11-02-2017 04:56 PM - edited 11-03-2017 04:08 AM
Hi, I encountered problem when running proc freq. I have huge table which I splitted into few subsets with sql query and looped through them. The problem occurs when the object (subset) with 22m+ lines and 105 variables is processed. I tried to further break it column-wise with another loop and apply the proc freq on the smaller bits with no sucess.
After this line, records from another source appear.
(* Let $r\ge1$ and let $\tau,\tau'$ be permutations of $F^r$ fixing $\mathbf 0$, such that $S_\tau$ and $S_{\tau'}$ are transitive codes of length $2^{r+1}$. Then there exist a vector $x\in F^{2^{r+1}}$ and a permutation $\pi$ of coordinates with $x+\pi(S_\tau)=S_{\tau'}$ if and only if there exists a permutation $\pi'$ of the points with $SQS_\tau\sim_{\pi'}SQS_{\tau'}$.
   Context: $F=\mathrm{GF}(2)$, $\mathbf 0$ is the all-zero vector. Index the coordinates of $F^{2^r}$ by the vectors of $F^r$; $e_a$ is the unit vector at position $a$. $\mathcal H=\{x\in F^{2^r}:\sum_{a:x_a=1}a=\mathbf 0,\ \mathrm{wt}(x)\text{ even}\}$ is the extended Hamming code. For $x,y\in F^{2^r}$, $x|y$ is the concatenation and $C\times D=\{x|y:x\in C,y\in D\}$. $S_\tau=\bigcup_{a\in F^r}(\mathcal H+e_a+e_{\mathbf 0})\times(\mathcal H+e_{\tau(a)}+e_{\tau(\mathbf 0)})\subseteq F^{2^{r+1}}$. Coordinate positions of $F^{2^{r+1}}$ are denoted $(\{a\},\emptyset)$ (first half) and $(\emptyset,\{a\})$ (second half); $(X,Y)$ denotes the set of positions $\{(\{x\},\emptyset):x\in X\}\cup\{(\emptyset,\{y\}):y\in Y\}$. $SQS_\tau$ consists of the quadruples $Q_0=\{(\{a,b,c,d\},\emptyset): a,b,c,d \text{ pairwise distinct}, a+b+c+d=\mathbf 0\}$, $Q_1=\{(\emptyset,\{a,b,c,d\}): \text{same condition}\}$, $Q_\tau=\{(\{a,c\},\{b,d\}):\tau(a+c)=b+d\neq\mathbf 0\}$. $SQS_\tau\sim_{\pi'}SQS_{\tau'}$ means $\pi'$ maps the quadruples of $SQS_\tau$ onto those of $SQS_{\tau'}$. Permutations act on vectors by $\pi(y)_i=y_{\pi^{-1}(i)}$. A code $C$ is transitive if the group $\{y\mapsto x+\pi(y)\}$ stabilizer $\mathrm{Aut}(C)$ of $C$ has a subgroup acting transitively on $C$. *)

theory Defs
  imports Main
begin

text \<open>A vector of F^r (F = GF(2)) is represented by its support,
a subset of {0..<r}; addition is symmetric difference, the zero vector is {}.
A binary vector of length 2^r whose coordinates are indexed by F^r is likewise
represented by its support, a set of points of F^r. Coordinates of F^(2^(r+1))
are Inl a (first half, position ({a},{})) and Inr a (second half, position ({},{a})).\<close>

definition vadd :: "'a set \<Rightarrow> 'a set \<Rightarrow> 'a set" where
  "vadd A B = (A - B) \<union> (B - A)"

definition pts :: "nat \<Rightarrow> nat set set" where
  "pts r = {A. A \<subseteq> {..<r}}"

definition coords :: "nat \<Rightarrow> (nat set + nat set) set" where
  "coords r = Inl ` pts r \<union> Inr ` pts r"

text \<open>sum of the points a with x_a = 1 (coordinatewise XOR)\<close>
definition vsum :: "nat set set \<Rightarrow> nat set" where
  "vsum x = {i. odd (card {a \<in> x. i \<in> a})}"

definition hamming :: "nat \<Rightarrow> nat set set set" where
  "hamming r = {x. x \<subseteq> pts r \<and> finite x \<and> vsum x = {} \<and> even (card x)}"

definition concat :: "nat set set \<Rightarrow> nat set set \<Rightarrow> (nat set + nat set) set" where
  "concat x y = Inl ` x \<union> Inr ` y"

definition hcoset :: "nat \<Rightarrow> nat set \<Rightarrow> nat set \<Rightarrow> nat set set set" where
  "hcoset r a b = (\<lambda>h. vadd (vadd h {a}) {b}) ` hamming r"

definition S_code :: "nat \<Rightarrow> (nat set \<Rightarrow> nat set) \<Rightarrow> (nat set + nat set) set set" where
  "S_code r \<tau> = (\<Union>a\<in>pts r. {concat x y | x y. x \<in> hcoset r a {} \<and> y \<in> hcoset r (\<tau> a) (\<tau> {})})"

text \<open>the map y \<mapsto> x + \<pi>(y), where \<pi>(y)_i = y_{\<pi>^{-1}(i)}, i.e. supp \<pi>(y) = \<pi> ` supp y\<close>
definition isom_map :: "'p set \<Rightarrow> ('p \<Rightarrow> 'p) \<Rightarrow> 'p set \<Rightarrow> 'p set" where
  "isom_map x \<pi> y = vadd x (\<pi> ` y)"

text \<open>Aut(C) = {y \<mapsto> x + \<pi>(y) stabilizing C}; C is transitive if a subgroup of Aut(C)
acts transitively on C, i.e. (taking the whole group) Aut(C) acts transitively on C.\<close>
definition transitive_code :: "nat \<Rightarrow> (nat set + nat set) set set \<Rightarrow> bool" where
  "transitive_code r C \<longleftrightarrow>
     (\<forall>c\<in>C. \<forall>d\<in>C. \<exists>x \<pi>. x \<subseteq> coords r \<and> bij_betw \<pi> (coords r) (coords r)
        \<and> isom_map x \<pi> ` C = C \<and> isom_map x \<pi> c = d)"

definition Q0 :: "nat \<Rightarrow> (nat set + nat set) set set" where
  "Q0 r = {Inl ` {a, b, c, d} | a b c d. a \<in> pts r \<and> b \<in> pts r \<and> c \<in> pts r \<and> d \<in> pts r
      \<and> a \<noteq> b \<and> a \<noteq> c \<and> a \<noteq> d \<and> b \<noteq> c \<and> b \<noteq> d \<and> c \<noteq> d
      \<and> vadd (vadd a b) (vadd c d) = {}}"

definition Q1 :: "nat \<Rightarrow> (nat set + nat set) set set" where
  "Q1 r = {Inr ` {a, b, c, d} | a b c d. a \<in> pts r \<and> b \<in> pts r \<and> c \<in> pts r \<and> d \<in> pts r
      \<and> a \<noteq> b \<and> a \<noteq> c \<and> a \<noteq> d \<and> b \<noteq> c \<and> b \<noteq> d \<and> c \<noteq> d
      \<and> vadd (vadd a b) (vadd c d) = {}}"

definition Qtau :: "nat \<Rightarrow> (nat set \<Rightarrow> nat set) \<Rightarrow> (nat set + nat set) set set" where
  "Qtau r \<tau> = {Inl ` {a, c} \<union> Inr ` {b, d} | a b c d. a \<in> pts r \<and> b \<in> pts r \<and> c \<in> pts r \<and> d \<in> pts r
      \<and> \<tau> (vadd a c) = vadd b d \<and> vadd b d \<noteq> {}}"

definition SQS :: "nat \<Rightarrow> (nat set \<Rightarrow> nat set) \<Rightarrow> (nat set + nat set) set set" where
  "SQS r \<tau> = Q0 r \<union> Q1 r \<union> Qtau r \<tau>"

end

theory Submission
  imports Defs
begin

text \<open>A word lies in S_\<tau> iff both halves have even weight and the sum of the points of the
  right half is \<tau> applied to the sum of the points of the left half. Consequently S_\<tau> has minimum
  weight 4 and its weight-4 words are exactly the blocks of SQS_\<tau>, so a coordinate permutation
  carrying S_\<tau> onto S_\<tau>' carries SQS_\<tau> onto SQS_\<tau>'; transitivity of S_\<tau>' removes the translation
  part of an arbitrary equivalence.

  Conversely, a block permutation maps S_\<tau> into S_\<tau>' by induction on the weight: a word of weight
  above 4 is shortened by adding a block lying inside one half, and such blocks belong to the kernel
  of the code. The blocks of SQS_\<tau> in the kernel of S_\<tau> are characterised combinatorially (adding
  a block that meets them in two points yields a block), so a block permutation maps them to
  kernel blocks of S_\<tau>'. For a mixed block this closedness amounts to additivity of \<tau> along the
  block's direction.\<close>

lemma vadd_simps [simp]:
  "vadd A {} = A" "vadd {} A = A" "vadd A A = {}" "vadd A (vadd A B) = B"
  by (auto simp: vadd_def)

lemma vadd_iff: "i \<in> vadd A B \<longleftrightarrow> (i \<in> A \<longleftrightarrow> i \<notin> B)"
  by (auto simp: vadd_def)

lemma vadd_assoc: "vadd (vadd A B) C = vadd A (vadd B C)"
  by (auto simp: vadd_def)

lemma vadd_cancel_right [simp]: "vadd (vadd A B) B = A"
  by (auto simp: vadd_def)

lemma vadd_eq_empty_iff [simp]: "vadd A B = {} \<longleftrightarrow> A = B" "{} = vadd A B \<longleftrightarrow> A = B"
  by (auto simp: vadd_def)

lemma vadd_eq_self_iff [simp]: "vadd A B = A \<longleftrightarrow> B = {}" "A = vadd A B \<longleftrightarrow> B = {}"
  by (auto simp: vadd_def)

lemma vadd_vadd_same_left: "vadd (vadd a u) (vadd a w) = vadd u w"
  by (auto simp: vadd_def)

lemma vadd_doubletons: "x \<noteq> y \<Longrightarrow> x \<noteq> a \<Longrightarrow> y \<noteq> a \<Longrightarrow> vadd {a, x} {a, y} = {x, y}"
  by (auto simp: vadd_def)

lemma vadd_left_cancel [simp]: "vadd A B = vadd A C \<longleftrightarrow> B = C"
  by (metis vadd_simps(4))

lemma finite_vadd [simp]: "finite A \<Longrightarrow> finite B \<Longrightarrow> finite (vadd A B)"
  by (simp add: vadd_def)

lemma vadd_subset: "A \<subseteq> P \<Longrightarrow> B \<subseteq> P \<Longrightarrow> vadd A B \<subseteq> P"
  by (auto simp: vadd_def)

lemma vadd_in_pts: "a \<in> pts r \<Longrightarrow> b \<in> pts r \<Longrightarrow> vadd a b \<in> pts r"
  by (auto simp: pts_def vadd_def)

lemma vadd_Plus [simp]: "vadd (A <+> B) (C <+> D) = vadd A C <+> vadd B D"
  by (auto simp: vadd_def)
Here is the screen of the error:
Perhaps, the code it self might be simplified significantly. Here below is the code which fails to produce desired output due to insufficient memory (please note that the first two tabs are created just for demonstration purposes):
data loop; do i = 1 to 1000; output; end; run; data demonstrate; set loop; if mod(i,2) = 0 then _b = 'value1'; else _b = 'value2'; _x = floorz(abs(rand("NORMAL")*2))+1; if _x > length(_b) then _x = length(_b)-1; if _x = 0 then _x = 1; _y = floorz(abs(rand("NORMAL")*2))+1; if _y + _x > length(_b) then _y = 1; _c = substr(_b,_y,_x); d = cats(of _:); run; proc contents data=demonstrate Position noprint out=out1 (keep = LIBNAME MEMNAME NAME TYPE LENGTH FORMAT FORMATL INFORMAT ENGINE MEMTYPE); run; data out2; retain LIBNAME MEMNAME NAME TYPE LENGTH FORMAT FORMATL INFORMAT ENGINE MEMTYPE; set out1; run; proc format; value $ missfmt ' ' = "Missing" other = "Not_Missing"; value nmissfmt . = "Missing" other = "Not_Missing"; run; ods table onewayfreqs=out3; proc freq data=demonstrate; table _all_ / missing; format _numeric_ nmissfmt. _character_ $missfmt.; run; ods table onewayfreqs=out4; proc freq data=demonstrate order=freq; table _all_ / list nopercent nocum; run; proc sort data=out4; by table; run; data out5; set out4 (keep=table frequency f_:); table = substr(table,7,length(table)-6); by table; if first.table then count = 0; count + 1; if count le 5 then output; drop count; run; data out6 (drop=F_:); set out5; variable = cats(of F_:); run; proc transpose data=out6 out=out7 (drop=_name_) prefix=freq; by table; run; proc transpose data=out6 (keep=table variable) out=out8 (drop=_name_) prefix=val; by Table; var variable; run; data out9 (rename=(table=name)); retain table val1 val2 val3 val4 val5 freq1 freq2 freq3 freq4 freq5; merge out7 (in=a) out8 (in=b); by table; if a; run; data out10; length variable $32. variable_value $50.; set out3; Variable=scan(table, 2); Variable_Value=strip(trim(vvaluex(variable))); presentation=catt(frequency, " (", trim(put(percent/100, percent7.1)), ")"); keep variable variable_value frequency percent cum: presentation; label variable='Variable' variable_value='Variable Value'; run; proc sort data=out10; by variable; run; proc transpose data=out10 out=out11; by variable; id variable_value; var presentation; run; data out12; merge out2 (in=a) out11 (rename=(variable=name) drop=_NAME_ in=b); by NAME; if a; run; data out13; length name $300.; merge out12 (in=a) out9 (in=b); by name; if a; run;
My aim is to have the data structure as can be seen in dataset called out13.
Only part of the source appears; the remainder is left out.